The event brings together academics and experts from diverse disciplines to foster “fresh perspectives” on the theme, the varsity said in an official statement.

It said the conference, supported by the Union Ministry of Culture under ‘Azadi ka Amrit Mahotsav’, has been jointly organized by Birbal Sahni Institute of Palaeosciences, Lucknow, and KU’s Centre of Central Asian Studies (CCAS). 

In her address, Lekhi said the conference is a great opportunity to “build a comprehensive and complete narrative” of the evolution of human histories in South Asia. 

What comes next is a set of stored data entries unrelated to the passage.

definition conflict :: "'a \<Rightarrow> 'a \<Rightarrow> bool" where
  "conflict x y \<longleftrightarrow> x \<noteq> y \<and> (in_common_block \<A> x y \<or> in_common_block \<B> x y)"

lemma conflict_sym: "conflict x y \<Longrightarrow> conflict y x"
  unfolding conflict_def in_common_block_def by blast

lemma same_color_block_mates_eq:
  assumes "proper_coloring conflict W k c" "\<S> \<in> {\<A>, \<B>}" "x \<in> W" "y \<in> W"
    and "in_common_block \<S> z x" "in_common_block \<S> z y" "c x = c y"
  shows "x = y"
proof -
  have "disjoint \<S>" using assms(2) disjoint_packings by blast
  have "in_common_block \<S> x y"
    by (rule in_common_block_trans[OF \<open>disjoint \<S>\<close> in_common_block_sym[OF assms(5)] assms(6)])
  show ?thesis
  proof (rule ccontr)
    assume "x \<noteq> y"
    with \<open>in_common_block \<S> x y\<close> assms(2) have "conflict x y" by (auto simp: conflict_def)
    with assms(1,3,4,7) show False by (auto simp: proper_coloring_def)
  qed
qed

text \<open>A clique contains at most one point of each colour,
  so every point of the chain other than its start q is entered from the unique point that can
  precede it; hence the chain is closed under conflicts with \<alpha>- and \<beta>-coloured points.\<close>
definition kempe_step :: "'a set \<Rightarrow> ('a \<Rightarrow> nat) \<Rightarrow> nat \<Rightarrow> nat \<Rightarrow> 'a \<Rightarrow> 'a \<Rightarrow> bool" where
  "kempe_step W c \<alpha> \<beta> x y \<longleftrightarrow> x \<in> W \<and> y \<in> W \<and> x \<noteq> y \<and>
     (c x = \<alpha> \<and> c y = \<beta> \<and> in_common_block \<A> x y \<or> c x = \<beta> \<and> c y = \<alpha> \<and> in_common_block \<B> x y)"

context
  fixes W c p q \<alpha> \<beta>
  assumes proper: "proper_coloring conflict W k c" and \<beta>_range: "\<beta> \<in> {1..k}"
    and \<alpha>_free: "\<And>y. y \<in> W \<Longrightarrow> in_common_block \<A> p y \<Longrightarrow> c y \<noteq> \<alpha>"
    and \<beta>_free: "\<And>y. y \<in> W \<Longrightarrow> in_common_block \<B> p y \<Longrightarrow> c y \<noteq> \<beta>"
    and q: "q \<in> W" "in_common_block \<B> p q" "c q = \<alpha>"
begin

private abbreviation chain :: "'a \<Rightarrow> bool" where
  "chain \<equiv> (kempe_step W c \<alpha> \<beta>)\<^sup>*\<^sup>* q"

lemma kempe_colors_differ: "\<alpha> \<noteq> \<beta>"
  using \<beta>_free q by blast

lemma kempe_chain_colors: "chain y \<Longrightarrow> y \<in> W \<and> c y \<in> {\<alpha>, \<beta>}"
  by (induction rule: rtranclp_induct) (use q in \<open>auto simp: kempe_step_def\<close>)

lemma kempe_chain_predecessor:
  assumes "chain y" "y \<noteq> q"
  obtains z where "chain z" "kempe_step W c \<alpha> \<beta> z y"
  using assms by (cases rule: rtranclp.cases) auto

lemma kempe_chain_backward:
  assumes "chain x" "x \<noteq> q" "kempe_step W c \<alpha> \<beta> y x"
  shows "chain y"
proof -
  obtain z where z: "chain z" "kempe_step W c \<alpha> \<beta> z x"
    using kempe_chain_predecessor assms(1,2) by blast
  then have "z \<in> W" "y \<in> W" "c z = c y"
    and side: "in_common_block \<A> x z \<and> in_common_block \<A> x y \<or> in_common_block \<B> x z \<and> in_common_block \<B> x y"
    using assms(3) kempe_colors_differ unfolding kempe_step_def by (auto simp: in_common_block_commute)
  from side have "z = y"
  proof
    assume "in_common_block \<A> x z \<and> in_common_block \<A> x y"
    then show ?thesis
      using same_color_block_mates_eq[OF proper, of \<A> z y x] \<open>z \<in> W\<close> \<open>y \<in> W\<close> \<open>c z = c y\<close> by simp
  next
    assume "in_common_block \<B> x z \<and> in_common_block \<B> x y"
    then show ?thesis
      using same_color_block_mates_eq[OF proper, of \<B> z y x] \<open>z \<in> W\<close> \<open>y \<in> W\<close> \<open>c z = c y\<close> by simp
  qed
  with z(1) show ?thesis by simp
qed

lemma kempe_chain_closed:
  assumes "chain x" "y \<in> W" "conflict x y" "c y \<in> {\<alpha>, \<beta>}"
  shows "chain y"
proof -
  have x: "x \<in> W" "c x \<in> {\<alpha>, \<beta>}" using kempe_chain_colors assms(1) by auto
  have "c x \<noteq> c y" using proper x assms(2,3) unfolding proper_coloring_def by blast
  then have "kempe_step W c \<alpha> \<beta> x y \<or> kempe_step W c \<alpha> \<beta> y x"
    using x assms(2,3,4) unfolding kempe_step_def conflict_def by (auto simp: in_common_block_commute)
  then show ?thesis
  proof
    assume "kempe_step W c \<alpha> \<beta> x y"
    with assms(1) show ?thesis by (rule rtranclp.rtrancl_into_rtrancl)
  next
    assume entering: "kempe_step W c \<alpha> \<beta> y x"
    have "x \<noteq> q"
    proof
      assume "x = q"
      with entering q(3) kempe_colors_differ have "c y = \<beta>" "in_common_block \<B> q y"
        unfolding kempe_step_def by (auto simp: in_common_block_commute)
      moreover from this(2) have "in_common_block \<B> p y"
        by (rule in_common_block_trans[OF disjoint_packings(2) q(2)])
      ultimately show False using \<beta>_free assms(2) by blast
    qed
    with assms(1) entering show ?thesis using kempe_chain_backward by blast
  qed
qed

lemma kempe_swap_proper:
  "proper_coloring conflict W k (\<lambda>x. if chain x then transpose \<alpha> \<beta> (c x) else c x)"
proof -
  have \<alpha>_range: "\<alpha> \<in> {1..k}" using proper q unfolding proper_coloring_def by blast
  have chain_sub: "Collect chain \<subseteq> W" using kempe_chain_colors by blast
  have closed: "y \<in> Collect chain"
    if "x \<in> Collect chain" "y \<in> W" "conflict x y \<or> conflict y x" "c y \<in> {\<alpha>, \<beta>}" for x y
  proof -
    have "conflict x y" using that(3) conflict_sym by metis
    with that show ?thesis using kempe_chain_closed by simp
  qed
  show ?thesis
    using proper_coloring_transpose[OF proper \<alpha>_range \<beta>_range chain_sub closed] by simp
qed
lemma Mix_disagree_density_le:
  assumes r: "r \<in> {0..1}" and s: "s \<in> {0..1}" and n: "5 \<le> chunk_index n"
  shows "real (card {m. m < n \<and> Mix X0 X1 s m \<noteq> Mix X0 X1 r m}) / n
           \<le> 4 * \<bar>s - r\<bar> + 24 / sqrt (Suc (chunk_index n))"
proof -
  define J where "J = real (Suc (chunk_index n))"
  have J: "J * J \<le> 4 * n" "0 < J"
    using of_nat_mono[OF chunk_index_square_le[OF n], where 'a=real]
    by (simp_all add: J_def power2_eq_square algebra_simps)
  then have "0 < real n" using mult_pos_pos[OF J(2) J(2)] by linarith
  have "real (card {m. m < n \<and> Mix X0 X1 s m \<noteq> Mix X0 X1 r m})
      \<le> real (card {j. j < Suc (chunk_index n) \<and> bmap s j \<noteq> bmap r j}) * J"
    using card_Mix_disagree_le[of n X0 X1 s r] unfolding J_def by (metis of_nat_le_iff of_nat_mult)
  also have "\<dots> \<le> (\<bar>s - r\<bar> * J + 6 * sqrt J) * J"
    using card_bmap_disagree_le[OF r s, of "Suc (chunk_index n)"] J(2) unfolding J_def
    by (intro mult_right_mono) simp_all
  also have "\<dots> = \<bar>s - r\<bar> * (J * J) + 6 * (J * J) / sqrt J"
    using J by (simp add: field_simps real_div_sqrt)
  also have "\<dots> \<le> \<bar>s - r\<bar> * (4 * n) + 6 * (4 * n) / sqrt J"
    using J by (intro add_mono mult_left_mono divide_right_mono) auto
  finally show ?thesis
    using \<open>0 < real n\<close> by (simp add: J_def divide_le_eq algebra_simps)
qed

lemma besi_d_Mix_le:
  assumes r: "r \<in> {0..1}" and s: "s \<in> {0..1}"
  shows "besi_d (Mix X0 X1 s) (Mix X0 X1 r) \<le> ereal (4 * \<bar>s - r\<bar>)"
proof -
  let ?bound = "\<lambda>n. 4 * \<bar>s - r\<bar> + 24 / sqrt (Suc (chunk_index n))"
  have "filterlim (\<lambda>n. sqrt (Suc (chunk_index n))) at_top sequentially"
    by (rule filterlim_compose[OF sqrt_at_top filterlim_compose[OF filterlim_real_sequentially
          filterlim_compose[OF filterlim_Suc filterlim_chunk_index]]])
  then have "(\<lambda>n. 24 / sqrt (Suc (chunk_index n))) \<longlonglongrightarrow> 0"
    by (intro tendsto_divide_0 filterlim_at_top_imp_at_infinity) auto
  then have "?bound \<longlonglongrightarrow> 4 * \<bar>s - r\<bar>"
    using tendsto_add[OF tendsto_const[of "4 * \<bar>s - r\<bar>"]] by fastforce
  then have "limsup (\<lambda>n. ereal (?bound n)) = ereal (4 * \<bar>s - r\<bar>)"
    by (intro lim_imp_Limsup) auto
  moreover have "\<forall>\<^sub>F n in sequentially.
      ereal (real (card {m. m < n \<and> Mix X0 X1 s m \<noteq> Mix X0 X1 r m}) / n) \<le> ereal (?bound n)"
    using filterlim_chunk_index[unfolded filterlim_at_top, rule_format, of 5]
    by eventually_elim (use Mix_disagree_density_le[OF r s] in simp)
  then have "besi_d (Mix X0 X1 s) (Mix X0 X1 r) \<le> limsup (\<lambda>n. ereal (?bound n))"
    unfolding besi_d_def by (rule Limsup_mono)
  ultimately show ?thesis by simp
qed

theorem lemma2p8:
  fixes X0 X1 :: "nat \<Rightarrow> bool"
  shows "\<forall>r \<in> {0..1::real}. \<forall>\<epsilon>>0. \<exists>\<delta>>0. \<forall>s \<in> {0..1}.
           \<bar>s - r\<bar> < \<delta> \<longrightarrow> besi_d (Mix X0 X1 s) (Mix X0 X1 r) < ereal \<epsilon>"
proof (intro ballI allI impI)
  fix r \<epsilon> :: real
  assume r: "r \<in> {0..1}" and \<epsilon>: "\<epsilon> > 0"
  show "\<exists>\<delta>>0. \<forall>s\<in>{0..1}. \<bar>s - r\<bar> < \<delta> \<longrightarrow> besi_d (Mix X0 X1 s) (Mix X0 X1 r) < ereal \<epsilon>"
  proof (intro exI[of _ "\<epsilon> / 4"] conjI ballI impI)
    fix s assume s: "s \<in> {0..1}" and "\<bar>s - r\<bar> < \<epsilon> / 4"
    then have "ereal (4 * \<bar>s - r\<bar>) < ereal \<epsilon>" by simp
    then show "besi_d (Mix X0 X1 s) (Mix X0 X1 r) < ereal \<epsilon>"
      using besi_d_Mix_le[OF r s] by (rule le_less_trans[rotated])
  qed (use \<epsilon> in simp)
qed

end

“When people from different disciplines like archeology, economics, genetics, culture, DNA, etc., work together, we are able to build a complete narrative because the gaps get filled by people from other disciplines through evidence which needs to be collaboratively brought together,” the Union minister said.

Referring to India’s ancient history, including the “Sarasvati Harappan Civilisation”, Lekhi, who was the chief guest at the inaugural session, lamented that history “gets to be written not by the people who actually made that history”.

“This is the injustice that has happened with Indian history. Usually, people would say that we haven’t preserved our history, but that is not true,” she said, also referring to how Kashmir has been a seat of great learning and exploration of ideas and spiritual knowledge since times immemorial.

“The world knows about Greek theatre but how many people know about Abhinavagupta, who wrote about dance, drama, music…The original books are lying somewhere else. The digitized copies are not being made available. So this is what we have the ‘Azadi ka Amrit Mahotsav’ initiative for to decolonize minds, decolonize history, and to write history with a fresh Indian perspective,” she said.

The minister also called for bringing scientists on board to discuss history, saying “Science is unbiased and goes by facts and scientists are not averse to being challenged.”

She also appreciated the University of Kashmir for hosting the Y20 and C20 working group meetings under India’s G20 Presidency.

In his keynote address, Sanjeev Sanyal, Secretary of the Economic Advisory Council to the Prime Minister, said “peopling of the world is a great miracle where South Asia has played a great role”. He also spoke in detail about the evolutionary history of South Asia and people’s ancient migrations, besides their mixing and mingling, through the terrestrial and marine routes.

KU Vice-Chancellor Prof Nilofer Khan, in her special address, said the conference is a great opportunity for young students and research scholars to explore the country’s civilizational heritage, including the diversity in cultures, the ancient art, and the spiritual and scholarly contributions of Indian scholars.

“This event helps us to further advance the objectives of the National Education Policy 2020 which outlines the role of universities in promoting interdisciplinary and multidisciplinary research,” she said.

Prof Partha Prathim Majumder, Founder Director, National Institute of Biomedical Genomics, Kalyani, also delivered the keynote address on ‘Genetic Structure of Contemporary Populations in South Asia: Learning from Ancient DNA Research’.

Dr Kumarasamy Thangaraj, Director, Centre for DNA Fingerprinting and Diagnostics, Hyderabad, also shared his views on the conference theme.

A book titled ‘Excavation Report on Burzohom’ and Souvenir of Conference Abstracts were also released on the occasion.